I bought the 11x14 Kodak Opal glass that was on the eBay for a month, I'm going to experiment with different light sources, CFL, LED, diffusion box, incandescent, etc.. Something will fit the bill, I do have an 11x14 Aristo head but it has the old bulb and is one color temp.. I wonder if I can adapt an old Beseler color head into an 11x14 light source by changing the bulb and using the filters. Strip it out and use the parts in a diffusion chamber. Styro material lined.
Everytime I find a film or paper that I like, they discontinue it. - Paul Strand - Aperture monograph on Strand
Sponsored Ad. (Subscribers to APUG have the option to remove this ad.)
I was inspired by the same thread, but I started with some step wedges and a $25 desitometer from ebay before printing - the printing is next.
Originally Posted by JBrunner
I replaced a 160 opal bulb in a Durst 138 with a 42W CFL - The contrast curves using split grade filters (very yellow, very magenta), are the same, except there is a stop and a half increase in speed with magenta. I didn't see any spiral pattern, but that may be due to the enlarger design - when making real prints, I'll see what is really there.
I have curves and all that to post, but I don't want to hijack Jason's thread - besides, the proof is in the print
John, feel free to post your information here. I think it is completely relevant.
Originally Posted by Jon King
Thanks for trying this and sharing.
I have been trying to get a friend to do this for me with a green spiral CFL in his small enlarger that has a diffuser to see if it's possible to get usable contrast range on VC paper with green light only.
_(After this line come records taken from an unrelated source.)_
lemma normal_density_le_inverse:
  fixes x \<sigma> :: real
  assumes "0 < x"
  shows "normal_density 0 \<sigma> x \<le> 1 / x"
proof (cases "\<sigma> = 0")
  case False
  define s where "s = \<sigma>\<^sup>2"
  define u where "u = x\<^sup>2 / (2 * s)"
  have "0 < s" unfolding s_def using False by simp
  then have "u \<le> exp (2 * u)"
    using exp_ge_add_one_self[of "2 * u"] unfolding u_def by (smt (verit) divide_nonneg_pos zero_le_power2)
  then have "u * exp (- (2 * u)) \<le> 1"
    by (simp add: exp_minus field_simps)
  have "exp (- u) * exp (- u) = exp (- (2 * u))"
    by (simp flip: exp_add)
  moreover have "x\<^sup>2 = 2 * s * u"
    using \<open>0 < s\<close> by (simp add: u_def)
  moreover have "(x * exp (- u))\<^sup>2 = x\<^sup>2 * (exp (- u) * exp (- u))"
    by (simp add: power_mult_distrib power2_eq_square)
  ultimately have "(x * exp (- u))\<^sup>2 = 2 * s * (u * exp (- (2 * u)))"
    by simp
  also have "\<dots> \<le> 2 * s * 1"
    using \<open>u * exp (- (2 * u)) \<le> 1\<close> \<open>0 < s\<close> by (intro mult_left_mono) auto
  also have "\<dots> \<le> 2 * pi * s"
    using \<open>0 < s\<close> pi_ge_two by simp
  finally have "x * exp (- u) \<le> sqrt (2 * pi * s)"
    by (rule real_le_rsqrt)
  then show ?thesis
    using \<open>0 < x\<close> \<open>0 < s\<close>
    by (simp add: normal_density_def u_def s_def field_simps)
qed (use assms in \<open>simp add: normal_density_def\<close>)

lemma tendsto_normal_density_sqrt_at_right_0:
  fixes x :: real
  assumes "0 < x"
  shows "((\<lambda>t. normal_density 0 (sqrt t) x) \<longlongrightarrow> 0) (at_right 0)"
proof (rule Lim_transform_eventually)
  show "((\<lambda>t. exp (- (x\<^sup>2 / (2 * t))) / sqrt (2 * pi * t)) \<longlongrightarrow> 0) (at_right 0)"
    using assms by real_asymp
  show "\<forall>\<^sub>F t in at_right 0. exp (- (x\<^sup>2 / (2 * t))) / sqrt (2 * pi * t) = normal_density 0 (sqrt t) x"
    by (intro eventually_at_right_less[THEN eventually_mono]) (simp add: normal_density_def)
qed

lemma smooth_real_imp_continuous_on: "smooth_real f \<Longrightarrow> continuous_on UNIV f"
  unfolding smooth_real_def by (metis differentiable_imp_continuous_on funpow_0)

lemma continuous_compact_support_bounds:
  fixes f :: "real \<Rightarrow> real"
  assumes "continuous_on UNIV f" and "compact (supp_real f)" and "supp_real f \<subseteq> {\<epsilon>..}"
  obtains M R where "\<epsilon> \<le> R" and "\<forall>x. \<bar>f x\<bar> \<le> M" and "\<forall>x. x \<notin> {\<epsilon>..R} \<longrightarrow> f x = 0"
proof -
  have in_supp: "x \<in> supp_real f" if "f x \<noteq> 0" for x
    using that closure_subset[of "{x. f x \<noteq> 0}"] unfolding supp_real_def by blast
  have "compact (f ` supp_real f)"
    by (intro compact_continuous_image continuous_on_subset[OF assms(1) subset_UNIV] assms(2))
  then have "bounded (f ` supp_real f)" by (rule compact_imp_bounded)
  then obtain M where "\<forall>y\<in>f ` supp_real f. \<bar>y\<bar> \<le> M"
    unfolding bounded_real by blast
  then have M: "\<And>x. x \<in> supp_real f \<Longrightarrow> \<bar>f x\<bar> \<le> M"
    by blast
  have "bounded (supp_real f)" using assms(2) by (rule compact_imp_bounded)
  then obtain R where R: "\<And>x. x \<in> supp_real f \<Longrightarrow> \<bar>x\<bar> \<le> R"
    unfolding bounded_real by auto
  show thesis
  proof
    show "\<epsilon> \<le> max R \<epsilon>" by simp
    show "\<forall>x. \<bar>f x\<bar> \<le> max M 0"
      using M in_supp by (metis abs_zero max.coboundedI1 max.cobounded2)
    show "\<forall>x. x \<notin> {\<epsilon>..max R \<epsilon>} \<longrightarrow> f x = 0"
    proof (intro allI impI)
      fix x assume x: "x \<notin> {\<epsilon>..max R \<epsilon>}"
      show "f x = 0"
      proof (rule ccontr)
        assume "f x \<noteq> 0"
        then have "\<epsilon> \<le> x" "\<bar>x\<bar> \<le> R" using in_supp R assms(3) by auto
        with x show False by auto
      qed
    qed
  qed
qed

lemma norm_set_integral_Ici_le:
  fixes f :: "real \<Rightarrow> real" and G :: "real \<Rightarrow> complex"
  assumes f_bound: "\<forall>x. \<bar>f x\<bar> \<le> M" and f_zero: "\<forall>x. x \<notin> {\<epsilon>..R} \<longrightarrow> f x = 0" and "\<epsilon> \<le> R"
    and G_bound: "\<And>w. \<epsilon> \<le> w \<Longrightarrow> norm (G w) \<le> C"
  shows "norm (LBINT w:{\<epsilon>..}. of_real (f w) * G w) \<le> M * C * (R - \<epsilon>)"
proof -
  have "0 \<le> M" "0 \<le> C"
    using order_trans[OF abs_ge_zero f_bound[rule_format]] order_trans[OF norm_ge_zero G_bound[OF order_refl]]
    by auto
  have pointwise: "norm (indicator {\<epsilon>..} w *\<^sub>R (of_real (f w) * G w)) \<le> M * C * indicator {\<epsilon>..R} w" for w
  proof (cases "w \<in> {\<epsilon>..R}")
    case True
    then have "\<bar>f w\<bar> * norm (G w) \<le> M * C"
      using f_bound G_bound \<open>0 \<le> M\<close> by (intro mult_mono) auto
    then show ?thesis using True by (simp add: norm_mult)
  qed (use f_zero in \<open>auto simp: indicator_def\<close>)
  show ?thesis
  proof (cases "set_integrable lborel {\<epsilon>..} (\<lambda>w. of_real (f w) * G w)")
    case True
    have "norm (LBINT w:{\<epsilon>..}. of_real (f w) * G w)
            \<le> (LBINT w. norm (indicator {\<epsilon>..} w *\<^sub>R (of_real (f w) * G w)))"
      unfolding set_lebesgue_integral_def by (rule integral_norm_bound)
    also have "\<dots> \<le> (LBINT w. M * C * indicator {\<epsilon>..R} w)"
      using True pointwise unfolding set_integrable_def
      by (intro integral_mono integrable_norm integrable_mult_right integrable_real_indicator)
         (auto simp: emeasure_lborel_Icc_eq)
    also have "\<dots> = M * C * (R - \<epsilon>)"
      using \<open>\<epsilon> \<le> R\<close> by simp
    finally show ?thesis .
  next
    case False
    then show ?thesis
      using \<open>0 \<le> M\<close> \<open>0 \<le> C\<close> \<open>\<epsilon> \<le> R\<close>
      by (simp add: set_lebesgue_integral_def set_integrable_def not_integrable_integral_eq)
  qed
qed

lemma norm_I_fun_le:
  fixes f :: "real \<Rightarrow> real" and aa bb :: "nat \<Rightarrow> complex"
  assumes "0 < \<epsilon>" and f_bound: "\<forall>x. \<bar>f x\<bar> \<le> M" and f_zero: "\<forall>x. x \<notin> {\<epsilon>..R} \<longrightarrow> f x = 0"
    and "\<epsilon> \<le> R" and "0 < t" and "t \<le> 1" and bb: "\<forall>j\<in>{1..m}. a < Re (bb j)"
  shows "norm (I_fun f \<epsilon> a m aa bb t)
           \<le> M * ((\<Prod>j=1..m. 1 + norm (aa j) + norm (bb j)) * exp ((\<bar>a\<bar> + 1)\<^sup>2 / 2)
                   * normal_density 0 (sqrt t) \<epsilon>) * (R - \<epsilon>)"
proof -
  define P where "P = (\<Prod>j=1..m. 1 + norm (aa j) + norm (bb j)) * exp ((\<bar>a\<bar> + 1)\<^sup>2 / 2)"
  have "0 \<le> P"
    unfolding P_def by (intro mult_nonneg_nonneg prod_nonneg) (auto intro: add_nonneg_nonneg)
  have "I_fun f \<epsilon> a m aa bb t = (LBINT w:{\<epsilon>..}. of_real (f w) * Gamma_integral a (I_integrand t w m aa bb))"
    unfolding I_fun_def I_integrand_def[abs_def] ..
  also have "norm \<dots> \<le> M * (P * normal_density 0 (sqrt t) \<epsilon>) * (R - \<epsilon>)"
  proof (rule norm_set_integral_Ici_le[OF f_bound f_zero \<open>\<epsilon> \<le> R\<close>])
    fix w assume "\<epsilon> \<le> w"
    have "norm (Gamma_integral a (I_integrand t w m aa bb)) \<le> P * normal_density 0 (sqrt t) w"
      unfolding P_def using \<open>0 < t\<close> \<open>t \<le> 1\<close> \<open>0 < \<epsilon>\<close> \<open>\<epsilon> \<le> w\<close> bb
      by (intro norm_Gamma_integral_I_integrand_le_normal_density) auto
    also have "\<dots> \<le> P * normal_density 0 (sqrt t) \<epsilon>"
      using \<open>0 \<le> P\<close> \<open>0 < \<epsilon>\<close> \<open>\<epsilon> \<le> w\<close>
      by (intro mult_left_mono normal_density_zero_mean_antimono) auto
    finally show "norm (Gamma_integral a (I_integrand t w m aa bb)) \<le> P * normal_density 0 (sqrt t) \<epsilon>" .
  qed
  finally show ?thesis
    unfolding P_def .
qed

theorem lemmaD16:
  fixes a \<epsilon> :: real and m :: nat and f :: "real \<Rightarrow> real"
  assumes "\<epsilon> > 0" and "m \<ge> 1"
    and "smooth_real f" and "compact (supp_real f)" and "supp_real f \<subseteq> {\<epsilon>..}"
  shows "\<exists>c. \<forall>aa bb :: nat \<Rightarrow> complex. (\<forall>j\<in>{1..m}. Re (bb j) > a) \<longrightarrow>
           (\<forall>t. 0 < t \<and> t \<le> 1 \<longrightarrow>
              norm (I_fun f \<epsilon> a m aa bb t) \<le> c * (\<Prod>j=1..m. 1 + norm (aa j) + norm (bb j)))
           \<and> ((I_fun f \<epsilon> a m aa bb) \<longlongrightarrow> 0) (at_right 0)"
proof -
  obtain M R where "\<epsilon> \<le> R" and f_bound: "\<forall>x. \<bar>f x\<bar> \<le> M" and f_zero: "\<forall>x. x \<notin> {\<epsilon>..R} \<longrightarrow> f x = 0"
    by (rule continuous_compact_support_bounds[OF smooth_real_imp_continuous_on[OF assms(3)] assms(4,5)])
  define K where "K = M * exp ((\<bar>a\<bar> + 1)\<^sup>2 / 2) * (R - \<epsilon>)"
  have "0 \<le> M"
    using order_trans[OF abs_ge_zero f_bound[rule_format]] by blast
  then have "0 \<le> K"
    unfolding K_def using \<open>\<epsilon> \<le> R\<close> by simp
  show ?thesis
  proof (intro exI[of _ "K / \<epsilon>"] allI impI conjI)
    fix aa bb :: "nat \<Rightarrow> complex" and t :: real
    assume bb: "\<forall>j\<in>{1..m}. a < Re (bb j)"
    define P where "P = (\<Prod>j=1..m. 1 + norm (aa j) + norm (bb j))"
    have "0 \<le> P"
      unfolding P_def by (intro prod_nonneg) (auto intro: add_nonneg_nonneg)
    have bound: "norm (I_fun f \<epsilon> a m aa bb t) \<le> K * P * normal_density 0 (sqrt t) \<epsilon>" if "0 < t" "t \<le> 1" for t
      using norm_I_fun_le[OF \<open>0 < \<epsilon>\<close> f_bound f_zero \<open>\<epsilon> \<le> R\<close> that bb]
      unfolding K_def P_def by (simp add: mult_ac)
    show "norm (I_fun f \<epsilon> a m aa bb t) \<le> K / \<epsilon> * P" if "0 < t \<and> t \<le> 1"
    proof -
      have "norm (I_fun f \<epsilon> a m aa bb t) \<le> K * P * normal_density 0 (sqrt t) \<epsilon>"
        using bound that by blast
      also have "\<dots> \<le> K * P * (1 / \<epsilon>)"
        using \<open>0 \<le> K\<close> \<open>0 \<le> P\<close> \<open>0 < \<epsilon>\<close>
        by (intro mult_left_mono normal_density_le_inverse) auto
      finally show ?thesis
        by simp
    qed
    show "((I_fun f \<epsilon> a m aa bb) \<longlongrightarrow> 0) (at_right 0)"
    proof (rule Lim_null_comparison)
      show "\<forall>\<^sub>F t in at_right 0. norm (I_fun f \<epsilon> a m aa bb t) \<le> K * P * normal_density 0 (sqrt t) \<epsilon>"
        using bound by (intro eventually_at_rightI[of 0 1]) auto
      show "((\<lambda>t. K * P * normal_density 0 (sqrt t) \<epsilon>) \<longlongrightarrow> 0) (at_right 0)"
        using tendsto_mult_right_zero[OF tendsto_normal_density_sqrt_at_right_0[OF \<open>0 < \<epsilon>\<close>]] by simp
    qed
  qed
qed

end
Ilford's paper shows a long gradual slope on the HD curve but a lower contrast range.
He has the lamp, and hopefully over the holidays he'll give it a try.
Another CFL experiment
Originally Posted by JBrunner
Replacing a 160W incandescent bulb with a 42W spiral CFL should work for split grade printing, yielding similar contrast and printing times or low contrast (yellow filter) exposures and a speed increase of 1.5 stops with a high contrast (magenta filter) exposure. Unfiltered contrast was significantly different.
I used a Durst L138 enlarger, 100mm lens, enlarging a 120 step wedge approximately 4x. The step wedge was a 21 step wedge, with density steps of 0.15/step.
The step wedge was exposed so that several steps were all, 'max' black. Exposures were 16s at f/8 for unfiltered and magenta exposures, 64s at f/8 for yellow exposures.
The incandescent bulb was a Philips Opal bulb, 160W, 4" diameter. The CFL was a GE FLE42HLX, 42W, 2700k, 82 CRI.
I used an old Xrite densitometer to generate the curves, and in conjunction with a visual inspection to determine the first non-black step and last non-white step, determine the density range.
Yellow , No Filter, Magenta
Inc Bulb 165 105 45
CFL 150 45 45
There appears to be a bump in contrast with a yellow filter at high paper densities, but with split grade printing, the yellow filter is normally used for the print highlights, and at those lower densities ,the curves are very similar.
With no filter, the incandescent is approximately Grade 2, but the CFL is a grade 5 - suggesting that changes will be necessary to get intermediate contrasts with a single filter.
I was expecting the CFL bulb spirals to cause a lighting evenness problem, but I did not see it on the step wedges.
Things to do:
Look at short exposure times, and bulb warm up/brightness issues.
Make some real prints, and see if the spiral shape is an issue with the Durst 138 enlarger.
Anybody try using a bluer bulb then the 2700s? Say the daylight ones?